# bodybuilder and sleep



## GBtom (Jun 2, 2011)

I've always heard that sleep is a huge factor in growth
from what I hear a bodybuilder  should get  8-10 hours. how much sleep does everyone here get and how much do you consider it a factor in your success?


----------



## track36 (Jun 3, 2011)

I get about 6 hours of quality sleep.. but in the weekends I get a lot more. I always feel great on the weekends and seem to be bigger than during the week when I'm working out and not getting as much sleep.


----------



## ASHOP (Jun 4, 2011)

GBtom said:


> I've always heard that sleep is a huge factor in growth
> from what I hear a bodybuilder  should get  8-10 hours. how much sleep does everyone here get and how much do you consider it a factor in your success?

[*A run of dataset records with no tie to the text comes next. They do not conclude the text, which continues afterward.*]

text \<open>Since \<open>\<phi>(x + w) = 0\<close> on \<open>S\<close>, \<open>m |\<phi>(x)|\<^sup>2 \<le> \<integral>\<^sub>W |\<phi>(x + w) - \<phi>(x)|\<^sup>2 dw\<close>; integrate
  over \<open>x\<close> and exchange the integrals.\<close>
lemma poincare_vanishing_on_translates:
  fixes \<phi> :: "real^'n \<Rightarrow> real^'m" and J :: "real^'n \<Rightarrow> real^'n^'m"
  assumes deriv: "\<And>x. (\<phi> has_derivative (\<lambda>h. J x *v h)) (at x)" and cont: "continuous_on UNIV J"
    and W: "W \<in> sets lborel" and W_bounded: "\<And>w. w \<in> W \<Longrightarrow> norm w \<le> R"
    and vanish: "\<And>x. \<exists>S \<in> sets lborel. S \<subseteq> W \<and> m \<le> emeasure lborel S \<and> (\<forall>w\<in>S. \<phi> (x + w) = 0)"
  shows "m * (\<integral>\<^sup>+x. ennreal ((norm (\<phi> x))\<^sup>2) \<partial>lborel)
     \<le> emeasure lborel W * ennreal (R\<^sup>2) * (\<integral>\<^sup>+x. ennreal ((norm (J x))\<^sup>2) \<partial>lborel)"
proof -
  have "continuous_on UNIV \<phi>"
    using deriv has_derivative_continuous continuous_at_imp_continuous_on by blast
  then have [measurable]: "\<phi> \<in> borel_measurable borel" by (rule borel_measurable_continuous_onI)
  have [measurable]: "W \<in> sets borel" using W by simp
  define D where "D x w = indicator W w * ennreal ((norm (\<phi> (x + w) - \<phi> x))\<^sup>2)" for x w
  have D_meas: "case_prod D \<in> borel_measurable (lborel \<Otimes>\<^sub>M lborel)"
    unfolding D_def by measurable
  have pointwise: "m * ennreal ((norm (\<phi> x))\<^sup>2) \<le> (\<integral>\<^sup>+w. D x w \<partial>lborel)" for x
  proof -
    obtain S where S: "S \<in> sets lborel" "S \<subseteq> W" "m \<le> emeasure lborel S" "\<forall>w\<in>S. \<phi> (x + w) = 0"
      using vanish[of x] by blast
    have "m * ennreal ((norm (\<phi> x))\<^sup>2) \<le> emeasure lborel S * ennreal ((norm (\<phi> x))\<^sup>2)"
      using S(3) by (rule mult_right_mono) simp
    also have "\<dots> = (\<integral>\<^sup>+w. ennreal ((norm (\<phi> x))\<^sup>2) * indicator S w \<partial>lborel)"
      by (subst nn_integral_cmult_indicator[OF S(1)]) (simp add: mult.commute)
    also have "\<dots> \<le> (\<integral>\<^sup>+w. D x w \<partial>lborel)"
      using S(2,4) by (intro nn_integral_mono) (auto simp: D_def indicator_def)
    finally show ?thesis .
  qed
  have slice: "(\<integral>\<^sup>+x. D x w \<partial>lborel)
      \<le> (ennreal (R\<^sup>2) * (\<integral>\<^sup>+x. ennreal ((norm (J x))\<^sup>2) \<partial>lborel)) * indicator W w" for w
  proof (cases "w \<in> W")
    case True
    have "(\<integral>\<^sup>+x. D x w \<partial>lborel) = (\<integral>\<^sup>+x. ennreal ((norm (\<phi> (x + w) - \<phi> x))\<^sup>2) \<partial>lborel)"
      using True by (simp add: D_def)
    also have "\<dots> \<le> ennreal ((norm w)\<^sup>2) * (\<integral>\<^sup>+x. ennreal ((norm (J x))\<^sup>2) \<partial>lborel)"
      by (rule nn_integral_norm_diff_translate_le[OF deriv cont])
    also have "\<dots> \<le> ennreal (R\<^sup>2) * (\<integral>\<^sup>+x. ennreal ((norm (J x))\<^sup>2) \<partial>lborel)"
      using W_bounded[OF True] by (intro mult_right_mono ennreal_leI power_mono) auto
    finally show ?thesis using True by simp
  qed (simp add: D_def)
  have "m * (\<integral>\<^sup>+x. ennreal ((norm (\<phi> x))\<^sup>2) \<partial>lborel) = (\<integral>\<^sup>+x. m * ennreal ((norm (\<phi> x))\<^sup>2) \<partial>lborel)"
    by (rule nn_integral_cmult[symmetric]) measurable
  also have "\<dots> \<le> (\<integral>\<^sup>+x. (\<integral>\<^sup>+w. D x w \<partial>lborel) \<partial>lborel)"
    by (intro nn_integral_mono pointwise)
  also have "\<dots> = (\<integral>\<^sup>+w. (\<integral>\<^sup>+x. D x w \<partial>lborel) \<partial>lborel)"
    by (rule lborel_pair.Fubini'[OF D_meas, symmetric])
  also have "\<dots> \<le> (\<integral>\<^sup>+w. (ennreal (R\<^sup>2) * (\<integral>\<^sup>+x. ennreal ((norm (J x))\<^sup>2) \<partial>lborel)) * indicator W w \<partial>lborel)"
    by (intro nn_integral_mono slice)
  also have "\<dots> = emeasure lborel W * ennreal (R\<^sup>2) * (\<integral>\<^sup>+x. ennreal ((norm (J x))\<^sup>2) \<partial>lborel)"
    by (subst nn_integral_cmult_indicator[OF W]) (simp add: mult_ac)
  finally show ?thesis .
qed
lemma no_adversarial_sequence_if_bounded_on_intersection:
  fixes jX :: "'x::banach \<Rightarrow> 'v" and jX' :: "'x2::banach \<Rightarrow> 'v"
    and jY :: "'y::banach \<Rightarrow> 'w" and jY' :: "'y2::banach \<Rightarrow> 'w" and A :: "'x \<Rightarrow> 'y"
  assumes "\<And>x. jX x \<in> range jX' \<Longrightarrow> jY (A x) \<in> range jY'"
    and "\<And>x x'. jX x = jX' x' \<Longrightarrow> norm (inv jY' (jY (A x))) \<le> K * (norm x + norm x')"
    and "K \<ge> 0"
  shows "\<not> adversarial_sequence jX jX' jY jY' A r"
proof
  assume "adversarial_sequence jX jX' jY jY' A r"
  then obtain C C' where r_in: "\<And>n. jX (r n) \<in> range jX'" and C: "\<And>n. norm (r n) \<le> C"
    and C': "\<And>n. emb_norm jX' (jX (r n)) \<le> ereal C'"
    and unbounded: "(SUP n. emb_norm jY' (jY (A (r n)))) = \<infinity>"
    unfolding adversarial_sequence_def by blast
  have "emb_norm jY' (jY (A (r n))) \<le> ereal (K * (C + C'))" for n
  proof -
    define x' where "x' = inv jX' (jX (r n))"
    have "jX (r n) = jX' x'"
      using r_in[of n] by (simp add: x'_def f_inv_into_f)
    moreover have "norm x' \<le> C'"
      using C'[of n] r_in[of n] by (simp add: x'_def emb_norm_of_range)
    ultimately have "norm (inv jY' (jY (A (r n)))) \<le> K * (C + C')"
      using assms(2)[of "r n" x'] mult_left_mono[OF add_mono[OF C[of n]] \<open>K \<ge> 0\<close>] by fastforce
    then show ?thesis
      using assms(1) r_in by (simp add: emb_norm_of_range)
  qed
  then have "(SUP n. emb_norm jY' (jY (A (r n)))) \<le> ereal (K * (C + C'))"
    by (rule SUP_least)
  with unbounded show False
    by simp
qed

theorem theorem2p3:
  fixes jX :: "'x::banach \<Rightarrow> 'v::{real_vector,t2_space}"
    and jX' :: "'x2::banach \<Rightarrow> 'v"
    and jY :: "'y::banach \<Rightarrow> 'w::{real_vector,t2_space}"
    and jY' :: "'y2::banach \<Rightarrow> 'w"
    and A :: "'x \<Rightarrow> 'y"
  assumes "banach_couple jX jX'"
    and "banach_couple jY jY'"
    and "bounded_linear A"
    and "\<exists>r. adversarial_sequence jX jX' jY jY' A r"
  shows "\<exists>r. adversarial_perturbation jX jX' jY jY' A r"
proof (rule ccontr)
  assume "\<nexists>r. adversarial_perturbation jX jX' jY jY' A r"
  then have no_perturbation: "\<And>x. jX x \<in> range jX' \<Longrightarrow> jY (A x) \<in> range jY'"
    unfolding adversarial_perturbation_def by blast
  then obtain K where "K \<ge> 0"
    and K: "\<And>x x'. jX x = jX' x' \<Longrightarrow> norm (inv jY' (jY (A x))) \<le> K * (norm x + norm x')"
    using bounded_on_intersection_if_no_adversarial_perturbation[OF assms(1-3)] by metis
  have "\<not> adversarial_sequence jX jX' jY jY' A r" for r
    by (rule no_adversarial_sequence_if_bounded_on_intersection) (fact no_perturbation K \<open>K \<ge> 0\<close>)+
  with assms(4) show False
    by blast
qed

end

I think rest is VERY important. 8 hours would be great if you can get it. I know over the years I have short changed myself by not getting enough sleep. I get 5-7 hrs typically.


----------



## benny (Jun 6, 2011)

It is always a factor in training. as long as I get a minimum of 6 hours I'm fine, but with the bodybuilding factor I on average get about 8 hours


----------



## doodoop (Jun 8, 2011)

GBtom said:


> I've always heard that sleep is a huge factor in growth
> from what I hear a bodybuilder  should get  8-10 hours. how much sleep does everyone here get and how much do you consider it a factor in your success?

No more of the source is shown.